Which lines to output? The line containing "with end_u show False by blast" and every line after it in the data below, each copied exactly.
□ □ □ □ □ □ □
(* In every $\mathsf{TLAE}$-frame, each of the relations $R_\Box$, $R_\blacksquare$, $R_{\mathsf{H}}$ and $R_{\mathsf{A}}$ is acyclic, i.e., for none of these relations $R$ is there a finite sequence $w_0,w_1,\dots,w_k$ with $k\geq 1$, $w_k=w_0$ and $Rw_{i}w_{i+1}$ for all $0\le i<k$.
   Context: Fix finite sets $\mathtt{Action}=\{\delta_1,\dots,\delta_n\}$ (atomic action types) and $\mathtt{Agent}=\{\alpha_1,\dots,\alpha_m\}$ (agents). The set $\mathtt{Action}^*$ of action types is generated by $\Delta::=\delta_j\mid\Delta\cup\Delta\mid\overline{\Delta}$. For each agent $\alpha_i$ and each $j$ there is a propositional constant $\mathfrak{d}^{\alpha_i}_j$ and for each agent $\alpha_i$ a propositional constant $\mathfrak{e}^{\alpha_i}$. An $\mathcal{L}$-frame is a tuple $\langle W,\{W_{\mathfrak{d}^{\alpha_i}_j}\}_{i,j},\{W_{\mathfrak{e}^{\alpha_i}}\}_{i},R_\Box,R_{\mathsf{A}},R_\blacksquare,R_{\mathsf{H}}\rangle$ where $W$ is a set of moments, each $W_{\mathfrak{d}^{\alpha_i}_j},W_{\mathfrak{e}^{\alpha_i}}\subseteq W$, and $R_\Box,R_{\mathsf{A}},R_\blacksquare,R_{\mathsf{H}}$ are binary relations on $W$. For action types define $W_{t(\delta_j^{\alpha_i})}=W_{\mathfrak{d}^{\alpha_i}_j}$, $W_{t(\overline{\Delta}^{\alpha_i})}=W\setminus W_{t(\Delta^{\alpha_i})}$, $W_{t(\Delta^{\alpha_i}\cup\Gamma^{\alpha_k})}=W_{t(\Delta^{\alpha_i})}\cup W_{t(\Gamma^{\alpha_k})}$. A $\mathsf{TLAE}$-frame is an $\mathcal{L}$-frame satisfying: (pA3) if $R_{\mathsf{A}}wu$ and $R_{\mathsf{A}}wv$ then $u=v$; (pA4) if $R_{\mathsf{A}}wu$ then $R_\Box wu$; (pA5) for every $w$, all pairwise distinct agents $\alpha_{1},\dots,\alpha_{k}$ and (not necessarily distinct) $\Delta_1,\dots,\Delta_k\in\mathtt{Action}^*$: if for each $i$ there is $u_i$ with $R_\Box wu_i$ and $u_i\in W_{t(\Delta_i^{\alpha_i})}$, then there is $v$ with $R_\Box wv$ and $v\in W_{t(\Delta_1^{\alpha_1})}\cap\dots\cap W_{t(\Delta_k^{\alpha_k})}$; (pA6) for every $w$ and agent $\alpha_i$: if some $v$ with $R_\Box wv$ lies in $W_{\mathfrak{e}^{\alpha_i}}$, then some $u$ with $R_\Box wu$ lies outside $W_{\mathfrak{e}^{\alpha_i}}$; (pA10;A11) $R_\Box wv$ iff $R_\blacksquare vw$; (pA12) if $R_\blacksquare wu$ and $R_\blacksquare wv$ then $u=v$; (pA9;A14) $R_{\mathsf{H}}$ is the transitive closure of $R_\blacksquare$; (pA13) for every $w$, either there is no $v$ with $R_{\mathsf{H}}wv$, or there is $u$ with $R_{\mathsf{H}}wu$ such that there is no $z$ with $R_{\mathsf{H}}uz$. *)

theory Defs
  imports Main
begin

datatype 'act atype = Atom 'act | AUn "'act atype" "'act atype" | ACompl "'act atype"

text \<open>W_t(Delta^alpha): the set of moments where agent alpha performs action type Delta.
  d alpha j is W_{d^alpha_j}.\<close>
fun Wt :: "'w set \<Rightarrow> ('ag \<Rightarrow> 'act \<Rightarrow> 'w set) \<Rightarrow> 'ag \<Rightarrow> 'act atype \<Rightarrow> 'w set" where
  "Wt W d a (Atom j) = d a j"
| "Wt W d a (AUn D G) = Wt W d a D \<union> Wt W d a G"
| "Wt W d a (ACompl D) = W - Wt W d a D"

definition L_frame ::
  "'w set \<Rightarrow> ('ag \<Rightarrow> 'act \<Rightarrow> 'w set) \<Rightarrow> ('ag \<Rightarrow> 'w set) \<Rightarrow>
   ('w \<Rightarrow> 'w \<Rightarrow> bool) \<Rightarrow> ('w \<Rightarrow> 'w \<Rightarrow> bool) \<Rightarrow> ('w \<Rightarrow> 'w \<Rightarrow> bool) \<Rightarrow> ('w \<Rightarrow> 'w \<Rightarrow> bool) \<Rightarrow> bool"
where
  "L_frame W d e RBox RA RBl RH \<longleftrightarrow>
     (\<forall>a j. d a j \<subseteq> W) \<and> (\<forall>a. e a \<subseteq> W) \<and>
     (\<forall>R \<in> {RBox, RA, RBl, RH}. \<forall>x y. R x y \<longrightarrow> x \<in> W \<and> y \<in> W)"

definition TLAE_frame ::
  "'w set \<Rightarrow> ('ag::finite \<Rightarrow> 'act::finite \<Rightarrow> 'w set) \<Rightarrow> ('ag \<Rightarrow> 'w set) \<Rightarrow>
   ('w \<Rightarrow> 'w \<Rightarrow> bool) \<Rightarrow> ('w \<Rightarrow> 'w \<Rightarrow> bool) \<Rightarrow> ('w \<Rightarrow> 'w \<Rightarrow> bool) \<Rightarrow> ('w \<Rightarrow> 'w \<Rightarrow> bool) \<Rightarrow> bool"
where
  "TLAE_frame W d e RBox RA RBl RH \<longleftrightarrow>
     L_frame W d e RBox RA RBl RH \<and>
     \<comment> \<open>pA3\<close>
     (\<forall>w u v. RA w u \<and> RA w v \<longrightarrow> u = v) \<and>
     \<comment> \<open>pA4\<close>
     (\<forall>w u. RA w u \<longrightarrow> RBox w u) \<and>
     \<comment> \<open>pA5 (A: the nonempty set of pairwise distinct agents, D a: the action type of agent a)\<close>
     (\<forall>w\<in>W. \<forall>(A::'ag set) (D::'ag \<Rightarrow> 'act atype). A \<noteq> {} \<longrightarrow>
        (\<forall>a\<in>A. \<exists>u. RBox w u \<and> u \<in> Wt W d a (D a)) \<longrightarrow>
        (\<exists>v. RBox w v \<and> (\<forall>a\<in>A. v \<in> Wt W d a (D a)))) \<and>
     \<comment> \<open>pA6\<close>
     (\<forall>w\<in>W. \<forall>a. (\<exists>v. RBox w v \<and> v \<in> e a) \<longrightarrow> (\<exists>u. RBox w u \<and> u \<notin> e a)) \<and>
     \<comment> \<open>pA10;A11\<close>
     (\<forall>w v. RBox w v \<longleftrightarrow> RBl v w) \<and>
     \<comment> \<open>pA12\<close>
     (\<forall>w u v. RBl w u \<and> RBl w v \<longrightarrow> u = v) \<and>
     \<comment> \<open>pA9;A14\<close>
     RH = tranclp RBl \<and>
     \<comment> \<open>pA13\<close>
     (\<forall>w\<in>W. (\<not> (\<exists>v. RH w v)) \<or> (\<exists>u. RH w u \<and> \<not> (\<exists>z. RH u z)))"

definition acyclic_rel :: "('w \<Rightarrow> 'w \<Rightarrow> bool) \<Rightarrow> bool" where
  "acyclic_rel R \<longleftrightarrow>
     \<not> (\<exists>(k::nat) (ws::nat \<Rightarrow> 'w). k \<ge> 1 \<and> ws k = ws 0 \<and> (\<forall>i<k. R (ws i) (ws (Suc i))))"

end

theory Submission
  imports Defs
begin

text \<open>RBl is functional (pA12), and by pA13 its transitive closure RH leads from every
  moment with a past to a moment without one. On a cycle of a functional relation every
  successor lies on the cycle again, so no such endpoint is reachable from it; hence RBl is
  acyclic. RBox is its converse, RH its transitive closure, and RA is contained in RBox.\<close>

lemma acyclic_rel_iff_irreflp_tranclp: "acyclic_rel R \<longleftrightarrow> (\<forall>x. \<not> R\<^sup>+\<^sup>+ x x)"
  unfolding acyclic_rel_def tranclp_power relpowp_fun_conv
  by (simp add: Suc_le_eq) blast

lemma acyclic_rel_mono: "R \<le> S \<Longrightarrow> acyclic_rel S \<Longrightarrow> acyclic_rel R"
  unfolding acyclic_rel_def by blast

lemma acyclic_rel_conversep_iff: "acyclic_rel R\<inverse>\<inverse> \<longleftrightarrow> acyclic_rel R"
  by (simp add: acyclic_rel_iff_irreflp_tranclp tranclp_converse)

lemma acyclic_rel_tranclp_iff: "acyclic_rel R\<^sup>+\<^sup>+ \<longleftrightarrow> acyclic_rel R"
proof -
  have "transp R\<^sup>+\<^sup>+" by (rule transpI) (rule tranclp_trans)
  then show ?thesis by (simp add: acyclic_rel_iff_irreflp_tranclp tranclp_ident_if_transp)
qed

lemma right_unique_rtranclp_return_to_cycle:
  assumes "right_unique R" and cycle: "R\<^sup>+\<^sup>+ x x" and "R\<^sup>*\<^sup>* x u"
  shows "R\<^sup>*\<^sup>* u x"
  using assms(3)
proof (induction rule: rtranclp_induct)
  case base
  show ?case by simp
next
  case (step y z)
  have "R\<^sup>+\<^sup>+ y x" using step.IH cycle by (rule rtranclp_tranclp_tranclp)
  then obtain z' where "R y z'" and "R\<^sup>*\<^sup>* z' x" by (blast dest: tranclpD)
  with \<open>R y z\<close> \<open>right_unique R\<close> show ?case by (metis right_unique_def)
qed

lemma acyclic_rel_if_right_unique_reaching_end:
  assumes "right_unique R"
    and reach_end: "\<And>x v. R\<^sup>+\<^sup>+ x v \<Longrightarrow> \<exists>u. R\<^sup>+\<^sup>+ x u \<and> (\<nexists>z. R\<^sup>+\<^sup>+ u z)"
  shows "acyclic_rel R"
  unfolding acyclic_rel_iff_irreflp_tranclp
proof (intro allI notI)
  fix x assume cycle: "R\<^sup>+\<^sup>+ x x"
  then obtain u where xu: "R\<^sup>+\<^sup>+ x u" and end_u: "\<nexists>z. R\<^sup>+\<^sup>+ u z"
    using reach_end by blast
  have ux: "R\<^sup>*\<^sup>* u x"
    using \<open>right_unique R\<close> cycle tranclp_into_rtranclp[OF xu]
    by (rule right_unique_rtranclp_return_to_cycle)
  from ux xu have "R\<^sup>+\<^sup>+ u u" by (rule rtranclp_tranclp_tranclp)
  with end_u show False by blast
qed

theorem mainTheorem2:
  fixes W :: "'w set"
    and d :: "'ag::finite \<Rightarrow> 'act::finite \<Rightarrow> 'w set"
    and e :: "'ag \<Rightarrow> 'w set"
    and RBox RA RBl RH :: "'w \<Rightarrow> 'w \<Rightarrow> bool"
  assumes "TLAE_frame W d e RBox RA RBl RH"
  shows "acyclic_rel RBox \<and> acyclic_rel RBl \<and> acyclic_rel RH \<and> acyclic_rel RA"
proof -
  have RBl_in_W: "\<And>x y. RBl x y \<Longrightarrow> x \<in> W"
    and "right_unique RBl"
    and RH: "RH = RBl\<^sup>+\<^sup>+"
    and end_reached: "\<forall>w\<in>W. (\<nexists>v. RH w v) \<or> (\<exists>u. RH w u \<and> (\<nexists>z. RH u z))"
    and RBox: "RBox = RBl\<inverse>\<inverse>"
    and RA_le: "RA \<le> RBox"
    using assms unfolding TLAE_frame_def L_frame_def right_unique_def by (auto 4 3 intro!: ext)
  have RBl_acyclic: "acyclic_rel RBl"
  proof (rule acyclic_rel_if_right_unique_reaching_end[OF \<open>right_unique RBl\<close>])
    fix x v assume "RBl\<^sup>+\<^sup>+ x v"
    then have "x \<in> W" by (blast dest: tranclpD RBl_in_W)
    with \<open>RBl\<^sup>+\<^sup>+ x v\<close> show "\<exists>u. RBl\<^sup>+\<^sup>+ x u \<and> (\<nexists>z. RBl\<^sup>+\<^sup>+ u z)"
      using end_reached unfolding RH by blast
  qed
  then have "acyclic_rel RBox"
    by (simp add: RBox acyclic_rel_conversep_iff)
  with RBl_acyclic RA_le show ?thesis
    by (simp add: RH acyclic_rel_tranclp_iff acyclic_rel_mono)
qed

end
□ □ □ □ □ □ □
# ANSWER BOX
  with end_u show False by blast
qed

theorem mainTheorem2:
  fixes W :: "'w set"
    and d :: "'ag::finite \<Rightarrow> 'act::finite \<Rightarrow> 'w set"
    and e :: "'ag \<Rightarrow> 'w set"
    and RBox RA RBl RH :: "'w \<Rightarrow> 'w \<Rightarrow> bool"
  assumes "TLAE_frame W d e RBox RA RBl RH"
  shows "acyclic_rel RBox \<and> acyclic_rel RBl \<and> acyclic_rel RH \<and> acyclic_rel RA"
proof -
  have RBl_in_W: "\<And>x y. RBl x y \<Longrightarrow> x \<in> W"
    and "right_unique RBl"
    and RH: "RH = RBl\<^sup>+\<^sup>+"
    and end_reached: "\<forall>w\<in>W. (\<nexists>v. RH w v) \<or> (\<exists>u. RH w u \<and> (\<nexists>z. RH u z))"
    and RBox: "RBox = RBl\<inverse>\<inverse>"
    and RA_le: "RA \<le> RBox"
    using assms unfolding TLAE_frame_def L_frame_def right_unique_def by (auto 4 3 intro!: ext)
  have RBl_acyclic: "acyclic_rel RBl"
  proof (rule acyclic_rel_if_right_unique_reaching_end[OF \<open>right_unique RBl\<close>])
    fix x v assume "RBl\<^sup>+\<^sup>+ x v"
    then have "x \<in> W" by (blast dest: tranclpD RBl_in_W)
    with \<open>RBl\<^sup>+\<^sup>+ x v\<close> show "\<exists>u. RBl\<^sup>+\<^sup>+ x u \<and> (\<nexists>z. RBl\<^sup>+\<^sup>+ u z)"
      using end_reached unfolding RH by blast
  qed
  then have "acyclic_rel RBox"
    by (simp add: RBox acyclic_rel_conversep_iff)
  with RBl_acyclic RA_le show ?thesis
    by (simp add: RH acyclic_rel_tranclp_iff acyclic_rel_mono)
qed

end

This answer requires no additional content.